*** Opening of ENTRIES SUPPLIED ***

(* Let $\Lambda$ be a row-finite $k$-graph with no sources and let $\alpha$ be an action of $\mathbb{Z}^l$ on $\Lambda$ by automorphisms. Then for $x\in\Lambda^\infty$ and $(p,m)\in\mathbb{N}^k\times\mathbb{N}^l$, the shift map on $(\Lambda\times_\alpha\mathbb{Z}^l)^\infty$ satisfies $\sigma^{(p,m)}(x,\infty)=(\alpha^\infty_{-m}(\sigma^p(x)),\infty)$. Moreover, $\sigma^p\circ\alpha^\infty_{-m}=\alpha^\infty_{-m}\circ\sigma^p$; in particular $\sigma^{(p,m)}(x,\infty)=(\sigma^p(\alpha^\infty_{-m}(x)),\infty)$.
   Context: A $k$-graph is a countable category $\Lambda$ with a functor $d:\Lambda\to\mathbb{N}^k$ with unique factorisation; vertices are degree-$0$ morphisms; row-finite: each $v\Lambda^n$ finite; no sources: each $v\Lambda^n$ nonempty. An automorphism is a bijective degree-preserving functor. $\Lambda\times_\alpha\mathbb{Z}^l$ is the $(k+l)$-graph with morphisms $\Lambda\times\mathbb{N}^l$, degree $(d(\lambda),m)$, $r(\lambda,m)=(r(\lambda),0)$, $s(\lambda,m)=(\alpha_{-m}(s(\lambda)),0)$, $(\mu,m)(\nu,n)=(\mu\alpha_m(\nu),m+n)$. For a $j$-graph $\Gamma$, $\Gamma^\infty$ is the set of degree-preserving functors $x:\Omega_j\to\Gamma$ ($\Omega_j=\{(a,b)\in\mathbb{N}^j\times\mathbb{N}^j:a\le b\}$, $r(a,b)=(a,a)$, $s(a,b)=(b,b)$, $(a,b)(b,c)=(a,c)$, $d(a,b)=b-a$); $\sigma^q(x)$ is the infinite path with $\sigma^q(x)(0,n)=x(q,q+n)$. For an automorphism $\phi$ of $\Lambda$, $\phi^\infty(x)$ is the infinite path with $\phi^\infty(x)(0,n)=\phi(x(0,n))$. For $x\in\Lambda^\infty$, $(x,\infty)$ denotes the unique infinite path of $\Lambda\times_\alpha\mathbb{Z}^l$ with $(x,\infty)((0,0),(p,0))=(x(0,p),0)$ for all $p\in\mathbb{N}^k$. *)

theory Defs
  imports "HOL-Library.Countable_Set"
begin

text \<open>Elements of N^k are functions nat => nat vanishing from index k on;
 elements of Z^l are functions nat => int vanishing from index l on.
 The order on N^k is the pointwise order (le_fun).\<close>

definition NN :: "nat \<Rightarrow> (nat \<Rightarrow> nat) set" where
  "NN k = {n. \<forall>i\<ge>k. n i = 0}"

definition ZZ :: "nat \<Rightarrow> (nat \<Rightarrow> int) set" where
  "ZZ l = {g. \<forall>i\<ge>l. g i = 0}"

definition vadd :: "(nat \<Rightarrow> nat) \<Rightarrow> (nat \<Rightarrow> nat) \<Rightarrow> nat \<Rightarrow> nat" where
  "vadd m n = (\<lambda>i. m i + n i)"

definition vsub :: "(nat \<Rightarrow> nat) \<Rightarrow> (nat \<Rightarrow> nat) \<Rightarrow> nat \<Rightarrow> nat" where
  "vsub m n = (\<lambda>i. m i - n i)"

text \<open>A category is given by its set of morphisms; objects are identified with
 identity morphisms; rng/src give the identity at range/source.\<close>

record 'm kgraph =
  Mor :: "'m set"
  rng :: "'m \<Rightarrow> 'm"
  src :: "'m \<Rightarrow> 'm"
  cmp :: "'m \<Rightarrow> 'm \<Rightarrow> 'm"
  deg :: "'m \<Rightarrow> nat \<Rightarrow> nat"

*** Close of ENTRIES SUPPLIED ***

**PROBLEM TO SOLVE**: Write out the lines above, starting at the line that contains "identity morphisms; rng/src" and ending with the final line, and nothing else; copy them exactly.

**WRITTEN ANSWER**:
 identity morphisms; rng/src give the identity at range/source.\<close>

record 'm kgraph =
  Mor :: "'m set"
  rng :: "'m \<Rightarrow> 'm"
  src :: "'m \<Rightarrow> 'm"
  cmp :: "'m \<Rightarrow> 'm \<Rightarrow> 'm"
  deg :: "'m \<Rightarrow> nat \<Rightarrow> nat"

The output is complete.